If you’re a skilled player wanting to get into the flow more, ask yourself if you’re at least on some subconscious level experiencing boredom. Maybe you’ve already determined what you can and can’t do on the course and have stuck to your comfort zone for too long. According to Csikszentmihalyi, you can’t remain in both the comfort zone and the flow channel for very long.

For example, even the most backhand-dominant players admit that certain upshots call for a forehand. If you’re in such a situation, consider upping the challenge part of the equation. It’ll probably cause you to veer quickly from boredom to anxiety – as the curvy line on the diagram indicates – but it’ll keep you moving toward your maximum mix of challenge and skill, Stay mindful of this mix and you’ll stay in or near the flow state most of the time. Any hey, that’s what practice is for, right? Working on skills in a less pressurized environment.

According to Csikszentmihalyi, you can’t remain in both the comfort zone and the flow channel for very long.

I started writing today to pay tribute to the man who explained being “in the zone” in scientific terms.
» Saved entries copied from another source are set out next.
lemma top_connected_extend:
  assumes "top_connected D L R" "Q \<in> D" "adjacent R Q" "top Q = top L"
  shows "top_connected D L Q"
proof -
  obtain ps where "is_path D ps" "hd ps = L" "last ps = R" "\<forall>Q\<in>set ps. top Q = top L"
    using assms(1) unfolding top_connected_def by blast
  then obtain ps' where "is_path D ps'" "hd ps' = L" "last ps' = Q" "\<forall>Q\<in>set ps'. top Q = top L"
    using is_path_extend[of D ps Q] assms(2-4) by blast
  then show ?thesis using assms(1,2) unfolding top_connected_def by blast
qed

lemma TCC_top_connected:
  assumes "L \<in> D" "R \<in> TCC D L"
  shows "top_connected D L R"
proof (cases "R = L")
  case True
  have "is_path D [L]" using assms(1) by (simp add: is_path_def)
  then show ?thesis using True assms(1) unfolding top_connected_def by force
qed (use assms in \<open>simp add: TCC_def\<close>)

definition top_graph :: "'a list set \<Rightarrow> 'a \<Rightarrow> 'a \<Rightarrow> bool" where
  "top_graph D a b \<longleftrightarrow> a \<noteq> b \<and> (\<exists>L\<in>D. \<exists>L'\<in>D. adjacent L L' \<and> top L = a \<and> top L' = b)"

lemma top_graph_sym: "top_graph D a b \<Longrightarrow> top_graph D b a"
  unfolding top_graph_def by (metis adjacent_sym)

lemma neighbour_TCC_top_graph:
  assumes "L \<in> D" "neighbour D (TCC D L) Q"
  shows "top_graph D (top L) (top Q)"
proof -
  obtain R where Q: "Q \<in> D" "Q \<notin> TCC D L" and R: "R \<in> TCC D L" "adjacent R Q"
    using assms(2) unfolding neighbour_def by blast
  have tc: "top_connected D L R" using TCC_top_connected[OF assms(1) R(1)] .
  then have "R \<in> D" "top R = top L" using top_connected_top unfolding top_connected_def by auto
  moreover have "top Q \<noteq> top L"
    using top_connected_extend[OF tc Q(1) R(2)] Q unfolding TCC_def by auto
  ultimately show ?thesis using Q(1) R(2) unfolding top_graph_def by metis
qed

lemma top_graph_of_path:
  assumes "is_path D ps"
  shows "(top_graph D)\<^sup>*\<^sup>* (top (hd ps)) (top (last ps))"
proof -
  have "successively (\<lambda>L L'. (top_graph D)\<^sup>=\<^sup>= (top L) (top L')) ps"
    using assms unfolding is_path_iff
    by (auto elim!: successively_mono simp: top_graph_def)
  then have "((top_graph D)\<^sup>=\<^sup>=)\<^sup>*\<^sup>* (hd (map top ps)) (last (map top ps))"
    using assms by (intro successively_rtranclp) (auto simp: successively_map is_path_def)
  then show ?thesis using assms by (simp add: is_path_def hd_map last_map)
qed

lemma top_in_A: "linord A L \<Longrightarrow> A \<noteq> {} \<Longrightarrow> top L \<in> A"
  unfolding linord_def top_def by (metis hd_in_set set_empty)

lemma locally_sp_top_swap:
  assumes lsp: "locally_sp n D f" and lin: "\<forall>L\<in>D. linord A L" and fA: "\<forall>P\<in>profiles n D. f P \<in> A"
    and P: "P \<in> profiles n D" "i < n" and Q: "Q \<in> D" "adjacent (P i) Q" "top (P i) \<noteq> top Q"
  shows "f (P(i := Q)) = f P \<or> (f P = top (P i) \<and> f (P(i := Q)) = top Q)"
proof -
  obtain u v rest where uv: "P i = u # v # rest" "Q = v # u # rest"
    using adjacent_top_change Q(2,3) by blast
  have P': "P(i := Q) \<in> profiles n D"
    using PiE_fun_upd[of Q "\<lambda>_. D" i P "{..<n}"] P Q(1) by (simp add: profiles_def insert_absorb)
  have "P i \<in> D" using PiE_mem P by (fastforce simp: profiles_def)
  have no_gain: "\<not> prefers (P i) (f (P(i := Q))) (f P)"
    if "P \<in> profiles n D" "Q \<in> D" "adjacent (P i) Q" for P Q
    using lsp that P(2) unfolding locally_sp_def by blast
  have "\<not> prefers (P i) (f (P(i := Q))) (f P)" using no_gain P(1) Q by blast
  moreover have "\<not> prefers Q (f P) (f (P(i := Q)))"
    using no_gain[OF P' \<open>P i \<in> D\<close>] adjacent_sym[OF Q(2)] by simp
  moreover have "distinct (P i)" "set (P i) = A"
    using lin \<open>P i \<in> D\<close> by (simp_all add: linord_def)
  moreover have "f P \<in> A" "f (P(i := Q)) \<in> A" using fA P(1) P' by simp_all
  ultimately have "f P = f (P(i := Q)) \<or> (f P = u \<and> f (P(i := Q)) = v)"
    using outcomes_of_top_swap[of u v rest "f P" "f (P(i := Q))"] uv by simp
  then show ?thesis using uv by (auto simp: top_def)
qed

section \<open>Tops-only rules as rules on the top graph\<close>

text \<open>\<open>R a\<close> is some preference in the domain with top \<open>a\<close>; for a tops-only \<open>f\<close> the choice
does not matter.\<close>

definition tops_rule :: "nat \<Rightarrow> ('a \<Rightarrow> 'a list) \<Rightarrow> ((nat \<Rightarrow> 'a list) \<Rightarrow> 'a) \<Rightarrow> (nat \<Rightarrow> 'a) \<Rightarrow> 'a" where
  "tops_rule n R f x = f (restrict (R \<circ> x) {..<n})"

lemma tops_rule_profile:
  assumes "\<forall>a\<in>A. R a \<in> D \<and> top (R a) = a" "\<forall>i<n. x i \<in> A"
  shows "restrict (R \<circ> x) {..<n} \<in> profiles n D"
  using assms by (auto simp: profiles_def)

lemma tops_only_tops_rule:
  assumes "tops_only n D f" and R: "\<forall>a\<in>A. R a \<in> D \<and> top (R a) = a"
    and "P \<in> profiles n D" "\<forall>i<n. top (P i) = x i" "\<forall>i<n. x i \<in> A"
  shows "f P = tops_rule n R f x"
proof -
  have "restrict (R \<circ> x) {..<n} \<in> profiles n D" using tops_rule_profile[OF R] assms(5) .
  moreover have "\<forall>i<n. top (P i) = top (restrict (R \<circ> x) {..<n} i)" using assms(4,5) R by simp
  ultimately show ?thesis using assms(1,3) unfolding tops_only_def tops_rule_def by blast
qed

lemma tops_rule_move_along_edge:
  assumes lsp: "locally_sp n D f" and to: "tops_only n D f" and lin: "\<forall>L\<in>D. linord A L"
    and fA: "\<forall>P\<in>profiles n D. f P \<in> A" and R: "\<forall>a\<in>A. R a \<in> D \<and> top (R a) = a"
    and x: "\<forall>j<n. x j \<in> A" and e: "top_graph D (x i) b"
  shows "tops_rule n R f (x(i := b)) = tops_rule n R f x \<or>
    (tops_rule n R f x = x i \<and> tops_rule n R f (x(i := b)) = b)"
proof (cases "i < n")
  case False
  then have "restrict (R \<circ> x(i := b)) {..<n} = restrict (R \<circ> x) {..<n}" by auto
  then show ?thesis by (simp add: tops_rule_def)
next
  case True
  obtain L L' where L: "L \<in> D" "L' \<in> D" "adjacent L L'" "top L = x i" "top L' = b" "x i \<noteq> b"
    using e unfolding top_graph_def by blast
  have "A \<noteq> {}" using x True by blast
  then have "b \<in> A" using top_in_A lin L(2,5) by blast
  define P where "P = (restrict (R \<circ> x) {..<n})(i := L)"
  have P: "P \<in> profiles n D" "P(i := L') \<in> profiles n D"
    using PiE_fun_upd[of _ "\<lambda>_. D" i _ "{..<n}"] tops_rule_profile[OF R x] L True
    by (simp_all add: P_def profiles_def insert_absorb)
  have "f P = tops_rule n R f x"
    using x R L(4) by (intro tops_only_tops_rule[OF to R P(1)]) (simp_all add: P_def)
  moreover have "f (P(i := L')) = tops_rule n R f (x(i := b))"
    using x R L(5) \<open>b \<in> A\<close> by (intro tops_only_tops_rule[OF to R P(2)]) (simp_all add: P_def)
  moreover have "f (P(i := L')) = f P \<or> (f P = top (P i) \<and> f (P(i := L')) = top L')"
    using L by (intro locally_sp_top_swap[OF lsp lin fA P(1) True]) (simp_all add: P_def)
  moreover have "P i = L" by (simp add: P_def)
  ultimately show ?thesis using L(4,5) by simp
qed

lemma graph_scf_tops_rule:
  assumes "finite A" "A \<noteq> {}" and lin: "\<forall>L\<in>D. linord A L" and R: "\<forall>a\<in>A. R a \<in> D \<and> top (R a) = a"
    and D: "connected_two_neighbours D" and fA: "\<forall>P\<in>profiles n D. f P \<in> A"
    and un: "unanimous n D f" and to: "tops_only n D f" and lsp: "locally_sp n D f"
  shows "graph_scf A (top_graph D) n (tops_rule n R f)"
proof
  show "finite A" "A \<noteq> {}" by fact+
  show "top_graph D b a" if "top_graph D a b" for a b using top_graph_sym[OF that] .
  show "a \<noteq> b" if "top_graph D a b" for a b using that by (simp add: top_graph_def)
  show "a \<in> A \<and> b \<in> A" if "top_graph D a b" for a b
    using that top_in_A[OF _ \<open>A \<noteq> {}\<close>] lin unfolding top_graph_def by blast
  show "\<exists>b c. top_graph D a b \<and> top_graph D a c \<and> b \<noteq> c" if "a \<in> A" for a
  proof -
    have "top (R a) = a" "R a \<in> D" using R that by auto
    moreover obtain Q1 Q2 where
      "neighbour D (TCC D (R a)) Q1" "neighbour D (TCC D (R a)) Q2" "top Q1 \<noteq> top Q2"
      using D \<open>R a \<in> D\<close> unfolding connected_two_neighbours_def by blast
    ultimately show ?thesis using neighbour_TCC_top_graph[of "R a" D] by auto
  qed
  show "(top_graph D)\<^sup>*\<^sup>* a b" if "a \<in> A" "b \<in> A" for a b
  proof -
    have "R a \<in> D" "R b \<in> D" using R that by auto
    then obtain ps where "is_path D ps" "hd ps = R a" "last ps = R b"
      using D unfolding connected_two_neighbours_def dom_connected_def by blast
    then show ?thesis using top_graph_of_path[of D ps] R that by simp
  qed
  show "tops_rule n R f x = tops_rule n R f y" if "\<And>i. i < n \<Longrightarrow> x i = y i" for x y
  proof -
    have "restrict (R \<circ> x) {..<n} = restrict (R \<circ> y) {..<n}" using that by auto
    then show ?thesis by (simp add: tops_rule_def)
  qed
  show "tops_rule n R f x \<in> A" if "\<And>i. i < n \<Longrightarrow> x i \<in> A" for x
    using fA tops_rule_profile[OF R, of n x] that by (simp add: tops_rule_def)
  show "tops_rule n R f x = a" if "a \<in> A" "\<And>i. i < n \<Longrightarrow> x i = a" for a x
  proof -
    have "restrict (R \<circ> x) {..<n} \<in> profiles n D" using tops_rule_profile[OF R, of n x] that by simp
    moreover have "\<forall>i<n. top (restrict (R \<circ> x) {..<n} i) = a" using R that by simp
    ultimately show ?thesis using un that(1) unfolding unanimous_def tops_rule_def by blast
  qed
  show "tops_rule n R f (x(i := b)) = tops_rule n R f x \<or>
      (tops_rule n R f x = x i \<and> tops_rule n R f (x(i := b)) = b)"
    if "\<And>j. j < n \<Longrightarrow> x j \<in> A" "top_graph D (x i) b" for x i b
    using that by (intro tops_rule_move_along_edge[OF lsp to lin fA R]) auto
qed

theorem proposition1:
  fixes A :: "'a set" and D :: "'a list set" and n :: nat
    and f :: "(nat \<Rightarrow> 'a list) \<Rightarrow> 'a"
  assumes "finite A" and "card A \<ge> 3" and "n \<ge> 2"
    and "\<forall>L\<in>D. linord A L"
    and "minimally_rich A D"
    and "connected_two_neighbours D"
    and "\<forall>P\<in>profiles n D. f P \<in> A"
    and "unanimous n D f" and "tops_only n D f" and "locally_sp n D f"
  shows "dictatorship n D f"
proof -
  have "A \<noteq> {}" using assms(2) by auto
  obtain R where R: "\<forall>a\<in>A. R a \<in> D \<and> top (R a) = a"
    using bchoice[OF assms(5)[unfolded minimally_rich_def Bex_def]] by blast
  interpret graph_scf A "top_graph D" n "tops_rule n R f"
    by (rule graph_scf_tops_rule[OF assms(1) \<open>A \<noteq> {}\<close> assms(4) R assms(6-10)])
  obtain d where "d < n" and d: "\<forall>x. (\<forall>j<n. x j \<in> A) \<longrightarrow> tops_rule n R f x = x d"
    using dictator_exists by blast
  have "f P = top (P d)" if P: "P \<in> profiles n D" for P
  proof -
    have "\<forall>i<n. top (P i) \<in> A"
      using P assms(4) top_in_A[OF _ \<open>A \<noteq> {}\<close>] by (auto simp: profiles_def)
    then have "f P = tops_rule n R f (top \<circ> P)"
      using tops_only_tops_rule[OF assms(9) R P] by simp
    also have "\<dots> = top (P d)" using d \<open>\<forall>i<n. top (P i) \<in> A\<close> by simp
    finally show ?thesis .
  qed
  then show ?thesis using \<open>d < n\<close> unfolding dictatorship_def by blast
qed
When I returned home after that horrible USDGC performance in 2009 and discovered the transformative experience of truly focusing on abstract execution for its own sake, I knew I couldn’t have been the first to put it into words.

While I still think that in the highly-charged atmosphere of competitive sports the “focus on what you’re trying to do, not what you’re hoping to achieve” maxim is the key, MC Flow gave us much more. He gifted us with an excellent blueprint for using psychological tools to maximize our potential.